▶ **INSTRUCTIONS TO FOLLOW**:
Output every entry verbatim.

Collected data
★ ★ ★ ★ ★ ★ ★
(* Under the standing setup below, \[ a_{-n-1} \sim \frac{\pi/4}{\arctan u_1}\, D_n \quad \text{as } n \to +\infty . \] In particular, $a_{-n-1} > 0$ for all sufficiently large $n$.
   Context: Standing setup: $a_0, a_1 \in \mathbb{Z}$ and $u_0 > u_1 > 0$ are rational numbers with $a_0 \arctan u_0 + a_1 \arctan u_1 = \pi/4$. Let $\alpha := \arctan u_0 / \arctan u_1$ (which is $>1$ and irrational), with infinite simple continued fraction expansion $\alpha = [q_0; q_1, q_2, \dots]$, $q_i \in \mathbb{N}$. The integers $a_{-n}$ for $n \geq 1$ are defined recursively by $a_{-n-1} := q_n a_{-n} + a_{-n+1}$ for all $n \in \mathbb{N}_0$. The sequences $N_k, D_k$ ($k \ge -2$) are defined by $N_{-2}=0$, $N_{-1}=1$, $D_{-2}=1$, $D_{-1}=0$, and $N_k = q_k N_{k-1} + N_{k-2}$, $D_k = q_k D_{k-1} + D_{k-2}$ for $k \in \mathbb{N}_0$; thus $N_n/D_n = [q_0; q_1, \dots, q_n]$ in lowest terms for $n \ge 0$. *)

theory Defs
  imports Complex_Main "HOL-Library.Landau_Symbols"
begin

fun cf_rem :: "real \<Rightarrow> nat \<Rightarrow> real" where
  "cf_rem x 0 = x"
| "cf_rem x (Suc n) = 1 / frac (cf_rem x n)"

definition cf_q :: "real \<Rightarrow> nat \<Rightarrow> int" where
  "cf_q x n = \<lfloor>cf_rem x n\<rfloor>"

text \<open>Shifted denominators: cf_Dsh x k = D_{k-2}, i.e. D_{-2}=1, D_{-1}=0,
  D_k = q_k D_{k-1} + D_{k-2}.\<close>
fun cf_Dsh :: "real \<Rightarrow> nat \<Rightarrow> int" where
  "cf_Dsh x 0 = 1"
| "cf_Dsh x (Suc 0) = 0"
| "cf_Dsh x (Suc (Suc n)) = cf_q x n * cf_Dsh x (Suc n) + cf_Dsh x n"

text \<open>Shifted coefficients: coef_sh x a0 a1 k = a_{1-k}, i.e. coef_sh 0 = a_1,
  coef_sh 1 = a_0, and a_{-n-1} = q_n a_{-n} + a_{-n+1}.\<close>
fun coef_sh :: "real \<Rightarrow> int \<Rightarrow> int \<Rightarrow> nat \<Rightarrow> int" where
  "coef_sh x a0 a1 0 = a1"
| "coef_sh x a0 a1 (Suc 0) = a0"
| "coef_sh x a0 a1 (Suc (Suc n)) = cf_q x n * coef_sh x a0 a1 (Suc n) + coef_sh x a0 a1 n"

end

(*
  The quotient \<alpha> is irrational: otherwise arctan u1 would be a rational multiple of pi, and a
  Niven-type argument (if x / pi and 2 cos x are rational, then 2 cos x is an integer, as the
  scaled Chebyshev recurrence for 2 cos (k x) shows) leaves u = 1 as the only positive rational
  with arctan u / pi rational; the same applies to u0, contradicting u0 > u1.

  The coefficients a_{-n-1} and the denominators D_n satisfy the same recurrence driven by the
  partial quotients of \<alpha>, hence so does e = a - K D with K = (pi / 4) / arctan u1. Paired with
  the remainders psi_k of the Euclidean algorithm on (arctan u0, arctan u1), every solution f has
  a constant cross sum f_{k+1} psi_k + f_k psi_{k+1}; for e it is a0 arctan u0 + a1 arctan u1 - pi / 4
  = 0. So |e_k| / psi_k is constant and e stays bounded, while D_n >= n.
*)
theory Submission
  imports Defs
begin

lemma rat_square_ne_3: "(u::rat)^2 \<noteq> 3"
proof
  assume "u^2 = 3"
  obtain a b where "b > 0" "coprime a b" "u = of_int a / of_int b"
    by (rule Rats_cases'[of u]) (simp add: Rats_def)
  then have "rat_of_int a = u * of_int b"
    by simp
  then have "rat_of_int (a^2) = rat_of_int (3 * b^2)"
    using \<open>u^2 = 3\<close> by (simp add: power_mult_distrib)
  then have sq: "a^2 = 3 * b^2"
    by (simp only: of_int_eq_iff)
  show False
  proof (cases "even b")
    case True
    then have "even a" using sq by (metis even_mult_iff even_power zero_less_numeral)
    with True \<open>coprime a b\<close> show False by fastforce
  next
    case False
    then have "odd a" using sq by (metis even_mult_iff even_power odd_numeral zero_less_numeral)
    then obtain k where "a = 2*k + 1" by (meson oddE)
    moreover obtain m where "b = 2*m + 1" using False by (meson oddE)
    ultimately have "4*(k^2 + k) + 1 = 4*(3*(m^2 + m)) + 3"
      using sq by (simp add: algebra_simps power2_eq_square)
    then show False by presburger
  qed
qed

fun cheb_scaled :: "int \<Rightarrow> int \<Rightarrow> nat \<Rightarrow> int" where
  "cheb_scaled p q 0 = 2"
| "cheb_scaled p q (Suc 0) = p"
| "cheb_scaled p q (Suc (Suc k)) = p * cheb_scaled p q (Suc k) - q^2 * cheb_scaled p q k"

lemma cos_Suc_Suc_mult:
  "cos (real (Suc (Suc k)) * x) = 2 * cos x * cos (real (Suc k) * x) - cos (real k * x)"
proof -
  have "real (Suc (Suc k)) * x = real (Suc k) * x + x" "real k * x = real (Suc k) * x - x"
    by (simp_all add: algebra_simps)
  then show ?thesis
    by (simp only: cos_add cos_diff) simp
qed

lemma of_int_cheb_scaled:
  assumes "2 * cos x = of_int p / of_int q" and "q \<noteq> 0"
  shows "of_int (cheb_scaled p q k) = of_int q ^ k * (2 * cos (real k * x))"
proof (induction k rule: induct_nat_012)
  case 0
  then show ?case by simp
next
  case 1
  then show ?case using assms by simp
next
  case (ge2 k)
  have p: "of_int p = of_int q * (2 * cos x)"
    using assms by (simp add: field_simps)
  have "of_int (cheb_scaled p q (Suc (Suc k)))
          = of_int p * of_int (cheb_scaled p q (Suc k)) - of_int q ^ 2 * of_int (cheb_scaled p q k)"
    by simp
  also have "\<dots> = of_int q ^ Suc (Suc k)
                  * (2 * (2 * cos x * cos (real (Suc k) * x) - cos (real k * x)))"
    by (simp only: ge2 p) (simp add: algebra_simps power2_eq_square)
  finally show ?case
    by (simp only: cos_Suc_Suc_mult)
qed

lemma dvd_cheb_scaled_minus_power: "q dvd cheb_scaled p q (Suc k) - p ^ Suc k"
proof (induction k)
  case 0
  then show ?case by simp
next
  case (Suc k)
  have "cheb_scaled p q (Suc (Suc k)) - p ^ Suc (Suc k)
          = p * (cheb_scaled p q (Suc k) - p ^ Suc k) - q^2 * cheb_scaled p q k"
    by (simp add: algebra_simps)
  also have "q dvd \<dots>"
    using Suc.IH by (simp add: power2_eq_square)
  finally show ?case .
qed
★ ★ ★ ★ ★ ★ ★
▶ **EXERCISE OUTPUT**:
(* Under the standing setup below, \[ a_{-n-1} \sim \frac{\pi/4}{\arctan u_1}\, D_n \quad \text{as } n \to +\infty . \] In particular, $a_{-n-1} > 0$ for all sufficiently large $n$.
   Context: Standing setup: $a_0, a_1 \in \mathbb{Z}$ and $u_0 > u_1 > 0$ are rational numbers with $a_0 \arctan u_0 + a_1 \arctan u_1 = \pi/4$. Let $\alpha := \arctan u_0 / \arctan u_1$ (which is $>1$ and irrational), with infinite simple continued fraction expansion $\alpha = [q_0; q_1, q_2, \dots]$, $q_i \in \mathbb{N}$. The integers $a_{-n}$ for $n \geq 1$ are defined recursively by $a_{-n-1} := q_n a_{-n} + a_{-n+1}$ for all $n \in \mathbb{N}_0$. The sequences $N_k, D_k$ ($k \ge -2$) are defined by $N_{-2}=0$, $N_{-1}=1$, $D_{-2}=1$, $D_{-1}=0$, and $N_k = q_k N_{k-1} + N_{k-2}$, $D_k = q_k D_{k-1} + D_{k-2}$ for $k \in \mathbb{N}_0$; thus $N_n/D_n = [q_0; q_1, \dots, q_n]$ in lowest terms for $n \ge 0$. *)

theory Defs
  imports Complex_Main "HOL-Library.Landau_Symbols"
begin

fun cf_rem :: "real \<Rightarrow> nat \<Rightarrow> real" where
  "cf_rem x 0 = x"
| "cf_rem x (Suc n) = 1 / frac (cf_rem x n)"

definition cf_q :: "real \<Rightarrow> nat \<Rightarrow> int" where
  "cf_q x n = \<lfloor>cf_rem x n\<rfloor>"

text \<open>Shifted denominators: cf_Dsh x k = D_{k-2}, i.e. D_{-2}=1, D_{-1}=0,
  D_k = q_k D_{k-1} + D_{k-2}.\<close>
fun cf_Dsh :: "real \<Rightarrow> nat \<Rightarrow> int" where
  "cf_Dsh x 0 = 1"
| "cf_Dsh x (Suc 0) = 0"
| "cf_Dsh x (Suc (Suc n)) = cf_q x n * cf_Dsh x (Suc n) + cf_Dsh x n"

text \<open>Shifted coefficients: coef_sh x a0 a1 k = a_{1-k}, i.e. coef_sh 0 = a_1,
  coef_sh 1 = a_0, and a_{-n-1} = q_n a_{-n} + a_{-n+1}.\<close>
fun coef_sh :: "real \<Rightarrow> int \<Rightarrow> int \<Rightarrow> nat \<Rightarrow> int" where
  "coef_sh x a0 a1 0 = a1"
| "coef_sh x a0 a1 (Suc 0) = a0"
| "coef_sh x a0 a1 (Suc (Suc n)) = cf_q x n * coef_sh x a0 a1 (Suc n) + coef_sh x a0 a1 n"

end

(*
  The quotient \<alpha> is irrational: otherwise arctan u1 would be a rational multiple of pi, and a
  Niven-type argument (if x / pi and 2 cos x are rational, then 2 cos x is an integer, as the
  scaled Chebyshev recurrence for 2 cos (k x) shows) leaves u = 1 as the only positive rational
  with arctan u / pi rational; the same applies to u0, contradicting u0 > u1.

  The coefficients a_{-n-1} and the denominators D_n satisfy the same recurrence driven by the
  partial quotients of \<alpha>, hence so does e = a - K D with K = (pi / 4) / arctan u1. Paired with
  the remainders psi_k of the Euclidean algorithm on (arctan u0, arctan u1), every solution f has
  a constant cross sum f_{k+1} psi_k + f_k psi_{k+1}; for e it is a0 arctan u0 + a1 arctan u1 - pi / 4
  = 0. So |e_k| / psi_k is constant and e stays bounded, while D_n >= n.
*)
theory Submission
  imports Defs
begin

lemma rat_square_ne_3: "(u::rat)^2 \<noteq> 3"
proof
  assume "u^2 = 3"
  obtain a b where "b > 0" "coprime a b" "u = of_int a / of_int b"
    by (rule Rats_cases'[of u]) (simp add: Rats_def)
  then have "rat_of_int a = u * of_int b"
    by simp
  then have "rat_of_int (a^2) = rat_of_int (3 * b^2)"
    using \<open>u^2 = 3\<close> by (simp add: power_mult_distrib)
  then have sq: "a^2 = 3 * b^2"
    by (simp only: of_int_eq_iff)
  show False
  proof (cases "even b")
    case True
    then have "even a" using sq by (metis even_mult_iff even_power zero_less_numeral)
    with True \<open>coprime a b\<close> show False by fastforce
  next
    case False
    then have "odd a" using sq by (metis even_mult_iff even_power odd_numeral zero_less_numeral)
    then obtain k where "a = 2*k + 1" by (meson oddE)
    moreover obtain m where "b = 2*m + 1" using False by (meson oddE)
    ultimately have "4*(k^2 + k) + 1 = 4*(3*(m^2 + m)) + 3"
      using sq by (simp add: algebra_simps power2_eq_square)
    then show False by presburger
  qed
qed

fun cheb_scaled :: "int \<Rightarrow> int \<Rightarrow> nat \<Rightarrow> int" where
  "cheb_scaled p q 0 = 2"
| "cheb_scaled p q (Suc 0) = p"
| "cheb_scaled p q (Suc (Suc k)) = p * cheb_scaled p q (Suc k) - q^2 * cheb_scaled p q k"

lemma cos_Suc_Suc_mult:
  "cos (real (Suc (Suc k)) * x) = 2 * cos x * cos (real (Suc k) * x) - cos (real k * x)"
proof -
  have "real (Suc (Suc k)) * x = real (Suc k) * x + x" "real k * x = real (Suc k) * x - x"
    by (simp_all add: algebra_simps)
  then show ?thesis
    by (simp only: cos_add cos_diff) simp
qed

lemma of_int_cheb_scaled:
  assumes "2 * cos x = of_int p / of_int q" and "q \<noteq> 0"
  shows "of_int (cheb_scaled p q k) = of_int q ^ k * (2 * cos (real k * x))"
proof (induction k rule: induct_nat_012)
  case 0
  then show ?case by simp
next
  case 1
  then show ?case using assms by simp
next
  case (ge2 k)
  have p: "of_int p = of_int q * (2 * cos x)"
    using assms by (simp add: field_simps)
  have "of_int (cheb_scaled p q (Suc (Suc k)))
          = of_int p * of_int (cheb_scaled p q (Suc k)) - of_int q ^ 2 * of_int (cheb_scaled p q k)"
    by simp
  also have "\<dots> = of_int q ^ Suc (Suc k)
                  * (2 * (2 * cos x * cos (real (Suc k) * x) - cos (real k * x)))"
    by (simp only: ge2 p) (simp add: algebra_simps power2_eq_square)
  finally show ?case
    by (simp only: cos_Suc_Suc_mult)
qed

lemma dvd_cheb_scaled_minus_power: "q dvd cheb_scaled p q (Suc k) - p ^ Suc k"
proof (induction k)
  case 0
  then show ?case by simp
next
  case (Suc k)
  have "cheb_scaled p q (Suc (Suc k)) - p ^ Suc (Suc k)
          = p * (cheb_scaled p q (Suc k) - p ^ Suc k) - q^2 * cheb_scaled p q k"
    by (simp add: algebra_simps)
  also have "q dvd \<dots>"
    using Suc.IH by (simp add: power2_eq_square)
  finally show ?case .
qed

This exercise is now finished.